Regulation of actin-binding protein ANLN by antitumor miR-217 inhibits cancer cell aggressiveness in pancreatic ductal adenocarcinoma

INTRODUCTION

Due to the aggressive nature of pancreatic ductal adenocarcinoma (PDAC), it is one of the most lethal malignancies in the world [1, 2]. Recently developed targeted molecular strategies have not contributed to improved therapies for PDAC, and the 5-year survival rate after diagnosis is only 5% [2, 3]. More than 50% of patients develop local recurrence or distant metastasis after curative resection. PDAC frequently metastasizes to the liver, peritoneum and lung [4, 5]. We hypothesized that current genomic approaches might be used to elucidate the molecular mechanisms underlying PDAC metastasis and suggest improved treatments for this disease.
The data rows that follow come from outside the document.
(* Let $(\Psi,\vec u,E)$ be a GCD-to-DIV triple in which $\Psi$ has $d$ variables, and let $p\in\mathbb P(\Psi)$. If $\Psi$ has a solution modulo $p$, then it has a solution $\vec b_p\in\mathbb Z^d$ modulo $p$ with $\|\vec b_p\|_\infty\le(d+1)\cdot\|\Psi\|_\infty^3\,p^2$.
   Context: For integers $a\mid b$ means there is a unique $q$ with $b=qa$. A system of divisibility constraints is $\Psi=\bigwedge_{i=1}^m f_i\mid g_i$ with linear integer polynomials $f_i\neq0$, $g_i$. For a prime $p$, $v_p$ is the $p$-adic valuation ($v_p(0)=\infty$); $\vec b$ is a solution of $\Psi$ modulo $p$ if $f_i(\vec b)\ne0$ and $v_p(f_i(\vec b))\le v_p(g_i(\vec b))$ for all $i$. $\mathbb P(\Psi)$ is the set of primes $p$ with $p\le m$ or $p$ dividing some coefficient or constant of some left-hand side $f_i$. $\|\Psi\|_\infty$ is the maximum absolute value of a coefficient or constant of a polynomial in $\Psi$; $\|\vec b\|_\infty$ is the maximum absolute entry. GCD-to-DIV triple: $(\Psi,\vec u,E)$ such that there are $d',m'\in\mathbb N$ and three disjoint families of variables $\vec z,\vec y,\vec w$ with: (1) $\Psi(\vec z,\vec y,\vec w)$ is a system of divisibility constraints in $m'$ variables, $\vec u\in\mathbb Z^{d'}$, $E\in\mathbb Z^{d'\times m'}$, each column of $E$ corresponding to a variable of $\Psi$; (2) each divisibility of $\Psi$ has the form $h(\vec z)\mid f(\vec y)$ or $f(\vec y)\mid g(\vec w)$ with $g$ non-constant, all polynomials have only non-negative coefficients and constants, and every left-hand side has a strictly positive constant; (3) each variable $z$ of $\vec z$ appears in a single polynomial of $\Psi$, which has the form $z+c$ with $c$ a positive integer and occurs in exactly two divisibilities (as left-hand side); (4) each variable $w$ of $\vec w$ appears in exactly two polynomials, of the forms $w$ and $w+c$ with $c$ a positive integer, each occurring exactly once in $\Psi$ (as right-hand sides); (5) every column of $E$ corresponding to a variable of $\vec z$ or $\vec w$ is zero. *)

theory Defs
  imports "HOL-Computational_Algebra.Primes"
begin

text \<open>A linear integer polynomial in the variables x_0,...,x_{d-1} is represented by
  the list of its d coefficients together with its constant term.\<close>
type_synonym linpoly = "int list \<times> int"

text \<open>A divisibility f | g; a system is a list of divisibilities.\<close>
type_synonym divsys = "(linpoly \<times> linpoly) list"
theorem theorem1:
  fixes H d :: nat
    and \<mu> :: "'s::finite \<Rightarrow> real"
    and P Phat :: "nat \<Rightarrow> 's \<Rightarrow> 'a::finite \<Rightarrow> 's \<Rightarrow> real"
    and r :: "nat \<Rightarrow> 's \<Rightarrow> 'a \<Rightarrow> real"
    and \<pi>\<theta> \<pi>\<beta> :: "nat \<Rightarrow> 's \<Rightarrow> 'a \<Rightarrow> real"
    and Qhat :: "nat \<Rightarrow> 's \<Rightarrow> 'a \<Rightarrow> real"
  assumes mu: "\<forall>s. \<mu> s \<ge> 0" "(\<Sum>s\<in>UNIV. \<mu> s) = 1"
    and trans: "is_transition H P"
    and rew: "\<forall>t\<in>{1..H}. \<forall>s a. 0 \<le> r t s a \<and> r t s a \<le> 1"
    and pol: "is_policy H \<pi>\<theta>" "is_policy H \<pi>\<beta>"
    and lowrank: "low_rank d H P r"
    and est: "\<forall>t\<in>{1..H}. \<forall>(s,a)\<in>supp (occ \<mu> P \<pi>\<beta> t). Phat t s a = P t s a"
    and Qlast: "Qhat (H+1) = (\<lambda>s a. 0)"
    and alg: "\<forall>t\<in>{1..H}. ME_inf (occ \<mu> P \<pi>\<beta> t)
               (\<lambda>s a. r t s a + (\<Sum>s'\<in>UNIV. \<Sum>a'\<in>UNIV. Phat t s a s' * \<pi>\<theta> (t+1) s' a' * Qhat (t+1) s' a'))
               (real (H - t + 1)) (Qhat t)"
  shows "\<bar>(\<Sum>s\<in>UNIV. \<Sum>a\<in>UNIV. \<mu> s * \<pi>\<theta> 1 s a * Qhat 1 s a) - Jval H \<mu> P r \<pi>\<theta>\<bar>
         \<le> 2 * real H * sqrt (real (d * CARD('s) * CARD('a)))
            * (\<Sum>t=1..H. Dis (occ \<mu> P \<pi>\<beta> t) (occ \<mu> P \<pi>\<theta> t))"
proof -
  define Y where "Y t = bellman_backup (P t) (r t) (policy_value (\<pi>\<theta> (t + 1)) (Qhat (t + 1)))" for t
  have ME: "ME_inf (occ \<mu> P \<pi>\<beta> t) (bellman_backup (Phat t) (r t) (policy_value (\<pi>\<theta> (t + 1)) (Qhat (t + 1))))
      (real (H - t + 1)) (Qhat t)" if "t \<in> {1..H}" for t
    using alg that by (simp add: bellman_backup_policy_value)
  have "\<forall>t\<in>{1..H}. entrymax (Qhat t) \<le> real (H - t + 1)"
    using alg unfolding ME_inf_def ME_feasible_def by blast
  hence Y_entries: "entrymax (Y t) \<le> real (H - t + 1)" if "t \<in> {1..H}" for t
    unfolding Y_def by (rule entrymax_backup_of_estimates_le[where Q = Qhat, OF trans rew pol(1) Qlast _ that])
  have step: "\<bar>frob_inner (occ \<mu> P \<pi>\<theta> t) (\<lambda>s a. Qhat t s a - Y t s a)\<bar>
      \<le> 2 * (sqrt (real d) * real H) * sqrt (real CARD('s)) * sqrt (real CARD('a))
         * Dis (occ \<mu> P \<pi>\<beta> t) (occ \<mu> P \<pi>\<theta> t)" if t: "t \<in> {1..H}" for t
  proof (rule ME_inf_error_le_Dis[OF ME[OF t] occ_is_dist[OF mu trans pol(2) t] _ Y_entries[OF t]])
    show "\<forall>(s, a)\<in>supp (occ \<mu> P \<pi>\<beta> t).
        bellman_backup (Phat t) (r t) (policy_value (\<pi>\<theta> (t + 1)) (Qhat (t + 1))) s a = Y t s a"
      using bspec[OF est t] unfolding Y_def bellman_backup_def by fastforce
    have "maxnorm (Y t) \<le> sqrt (real d) * real (H - t + 1)"
      using bellman_backup_maxnorm_le[OF lowrank t] Y_entries[OF t] by (simp add: Y_def)
    also have "\<dots> \<le> sqrt (real d) * real H"
      using t by (intro mult_left_mono) auto
    finally show "maxnorm (Y t) \<le> sqrt (real d) * real H" .
  qed
  have "\<bar>(\<Sum>s\<in>UNIV. \<Sum>a\<in>UNIV. \<mu> s * \<pi>\<theta> 1 s a * Qhat 1 s a) - Jval H \<mu> P r \<pi>\<theta>\<bar>
      \<le> (\<Sum>t=1..H. \<bar>frob_inner (occ \<mu> P \<pi>\<theta> t) (\<lambda>s a. Qhat t s a - Y t s a)\<bar>)"
    unfolding value_error_telescope[where Q = Qhat, OF Qlast] Y_def by (rule sum_abs)
  also have "\<dots> \<le> (\<Sum>t=1..H. 2 * (sqrt (real d) * real H) * sqrt (real CARD('s)) * sqrt (real CARD('a))
      * Dis (occ \<mu> P \<pi>\<beta> t) (occ \<mu> P \<pi>\<theta> t))"
    by (rule sum_mono) (rule step, simp)
  finally show ?thesis
    by (simp add: sum_distrib_left real_sqrt_mult mult_ac)
qed
lemma conj_gmul:
  assumes \<sigma>: "\<sigma> \<in> ring_iso K K" and g2: "g2 \<in> carrier K \<rightarrow> carrier K"
  shows "conj K \<sigma> (gmul K g1 g2) = gmul K (conj K \<sigma> g1) (conj K \<sigma> g2)"
proof (rule extensionalityI[of _ "carrier K"])
  fix x assume x: "x \<in> carrier K"
  have \<sigma>x: "\<sigma> x \<in> carrier K" "g2 (\<sigma> x) \<in> carrier K"
    using x ring_iso_memE(1)[OF \<sigma>] g2 by auto
  then have conj_x: "conj K \<sigma> g2 x \<in> carrier K"
    using x ginv_apply(3)[OF \<sigma>] by (simp add: conj_apply)
  have "conj K \<sigma> (gmul K g1 g2) x = ginv K \<sigma> (g1 (g2 (\<sigma> x)))"
    using x \<sigma>x by (simp add: conj_apply gmul_def compose_def)
  also have "\<dots> = ginv K \<sigma> (g1 (\<sigma> (conj K \<sigma> g2 x)))"
    using x \<sigma>x ginv_apply(2)[OF \<sigma>] by (simp add: conj_apply)
  also have "\<dots> = gmul K (conj K \<sigma> g1) (conj K \<sigma> g2) x"
    using x conj_x by (simp add: conj_apply gmul_def compose_def)
  finally show "conj K \<sigma> (gmul K g1 g2) x = gmul K (conj K \<sigma> g1) (conj K \<sigma> g2) x" .
qed (simp_all add: conj_def gmul_def)

lemma character_char_act:
  assumes \<sigma>: "\<sigma> \<in> ring_iso K K" and \<chi>: "character K (Gal K F) \<chi>"
    and closed: "\<forall>g\<in>Gal K F. conj K \<sigma> g \<in> Gal K F"
  shows "character K (Gal K F) (char_act K \<sigma> \<chi>)"
proof -
  obtain S where S: "finite S" "S \<subseteq> carrier K"
    "\<forall>g\<in>Gal K F. \<forall>g'\<in>Gal K F. (\<forall>x\<in>S. g x = g' x) \<longrightarrow> \<chi> g = \<chi> g'"
    using \<chi> unfolding character_def cont1_def by blast
  have "cont1 K (Gal K F) (char_act K \<sigma> \<chi>)"
    unfolding cont1_def
  proof (intro exI[of _ "\<sigma> ` S"] conjI ballI impI)
    fix g g' assume g: "g \<in> Gal K F" "g' \<in> Gal K F" and eq: "\<forall>x\<in>\<sigma> ` S. g x = g' x"
    then have "\<forall>x\<in>S. conj K \<sigma> g x = conj K \<sigma> g' x" using S(2) by (auto simp: conj_apply)
    then show "char_act K \<sigma> \<chi> g = char_act K \<sigma> \<chi> g'"
      using S(3) closed g unfolding char_act_def by blast
  qed (use S ring_iso_memE(1)[OF \<sigma>] in auto)
  then show ?thesis
    using \<chi> closed conj_gmul[OF \<sigma> Gal_funcset]
    unfolding character_def char_act_def by auto
qed

lemma s_uu_star_delta:
  assumes "\<sigma> \<in> ring_iso K K" "g2 \<in> carrier K \<rightarrow> carrier K"
  shows "s_uu_star K \<sigma> (delta K \<chi>) g1 g2 = - delta K (char_act K \<sigma> \<chi>) g1 g2"
  unfolding s_uu_star_def delta_def char_act_def conj_gmul[OF assms] ..

lemma cohomologous2_neg_delta:
  assumes \<chi>: "character K G \<chi>"
  shows "cohomologous2 K G (\<lambda>g1 g2. - delta K \<chi> g1 g2) (delta K (char_neg \<chi>))"
  unfolding cohomologous2_def
proof (intro exI[of _ "\<lambda>g. \<lfloor>- \<chi> g\<rfloor>"] conjI ballI)
  show "cont1 K G (\<lambda>g. \<lfloor>- \<chi> g\<rfloor>)"
    using \<chi> unfolding character_def cont1_def by metis
  fix g1 g2 assume "g1 \<in> G" "g2 \<in> G"
  then have "\<chi> (gmul K g1 g2) = \<chi> g1 + \<chi> g2 - of_int \<lfloor>\<chi> g1 + \<chi> g2\<rfloor>"
    using \<chi> unfolding character_def frac_def by blast
  then have "\<chi> g2 - \<chi> (gmul K g1 g2) + \<chi> g1 \<in> \<int>" by simp
  then show "- delta K \<chi> g1 g2 - delta K (char_neg \<chi>) g1 g2
      = \<lfloor>- \<chi> g2\<rfloor> - \<lfloor>- \<chi> (gmul K g1 g2)\<rfloor> + \<lfloor>- \<chi> g1\<rfloor>"
    unfolding delta_def char_neg_def by (rule floor_frac_neg_coboundary)
qed

lemma cohomologous2_cong:
  assumes "cohomologous2 K G f h" "\<forall>g1\<in>G. \<forall>g2\<in>G. f' g1 g2 = f g1 g2"
  shows "cohomologous2 K G f' h"
  using assms unfolding cohomologous2_def by auto

theorem proposition2:
  fixes K :: "'a ring" and k :: "'a set" and c d r :: 'a and \<sigma> :: "'a \<Rightarrow> 'a"
    and \<chi> :: "('a \<Rightarrow> 'a) \<Rightarrow> rat"
  assumes "algebraic_closure K k"
    and "algebraically_closed K"
    and "perfect_subfield K k"
    and "c \<in> k" "c \<noteq> \<zero>\<^bsub>K\<^esub>" "d \<in> k" "d \<noteq> \<zero>\<^bsub>K\<^esub>"
    and "\<not> quat_split K k c d"
    and "r \<in> carrier K" "r \<otimes>\<^bsub>K\<^esub> r = d"
    and "\<sigma> \<in> Gal K k" "\<sigma> r \<noteq> r"
    and "character K (Gal K (generate_field K (insert r k))) \<chi>"
  shows "cohomologous2 K (Gal K (generate_field K (insert r k)))
           (s_uu_star K \<sigma> (delta K \<chi>))
           (delta K (char_neg (char_act K \<sigma> \<chi>)))"
proof -
  interpret algebraic_closure K k by (rule assms(1))
  let ?H = "insert r k"
  have k: "k \<subseteq> carrier K" using subfieldE(3)[OF subfield_axioms] .
  have \<sigma>: "\<sigma> \<in> ring_iso K K" "\<forall>x\<in>k. \<sigma> x = x" using assms(11) unfolding Gal_def by auto
  then have \<sigma>_hom: "\<sigma> \<in> ring_hom K K" by (simp add: ring_iso_def)
  have "\<sigma> r \<otimes>\<^bsub>K\<^esub> \<sigma> r = r \<otimes>\<^bsub>K\<^esub> r"
    using ring_hom_mult[OF \<sigma>_hom assms(9) assms(9)] assms(6,10) \<sigma>(2) by simp
  then have \<sigma>_r: "\<sigma> r = \<ominus>\<^bsub>K\<^esub> r"
    using square_eq_squareD ring_hom_closed[OF \<sigma>_hom assms(9)] assms(9,12) by blast
  have "\<sigma> ` ?H \<subseteq> generate_field K ?H"
    using \<sigma>(2) \<sigma>_r by (auto intro: generate_field.incl generate_field.a_inv)
  moreover have "Gal K (generate_field K ?H) = Gal K ?H"
    using Gal_generate_field k assms(9) by simp
  ultimately have "\<forall>g\<in>Gal K (generate_field K ?H). conj K \<sigma> g \<in> Gal K (generate_field K ?H)"
    using conj_in_Gal[OF ring_axioms \<sigma>(1), of _ "generate_field K ?H" ?H] k assms(9) by auto
  then have "character K (Gal K (generate_field K ?H)) (char_act K \<sigma> \<chi>)"
    using character_char_act[OF \<sigma>(1) assms(13)] by blast
  then have "cohomologous2 K (Gal K (generate_field K ?H))
      (\<lambda>g1 g2. - delta K (char_act K \<sigma> \<chi>) g1 g2) (delta K (char_neg (char_act K \<sigma> \<chi>)))"
    by (rule cohomologous2_neg_delta)
  then show ?thesis
    by (rule cohomologous2_cong) (use s_uu_star_delta[OF \<sigma>(1) Gal_funcset] in blast)
qed

end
microRNA (miRNA) belongs to a family of small non-coding RNAs that fine-tune the expression of protein coding/noncoding RNAs by repressing translation or cleaving RNA transcripts in a sequence-dependent manner [6]. A unique characteristic of human miRNAs is that a single miRNA species can regulate a large number of RNA transcripts [7, 8]. Therefore, dysregulated miRNAs can disrupt tightly controlled RNA networks and promote cancer cell metastasis. At present, numerous studies have indicated that miRNAs are aberrantly expressed in several cancers, including PDAC [9–11]. The discovery of miRNAs and subsequent studies have deepened our understanding of the roles of miRNA in human cancer pathogenesis [12, 13].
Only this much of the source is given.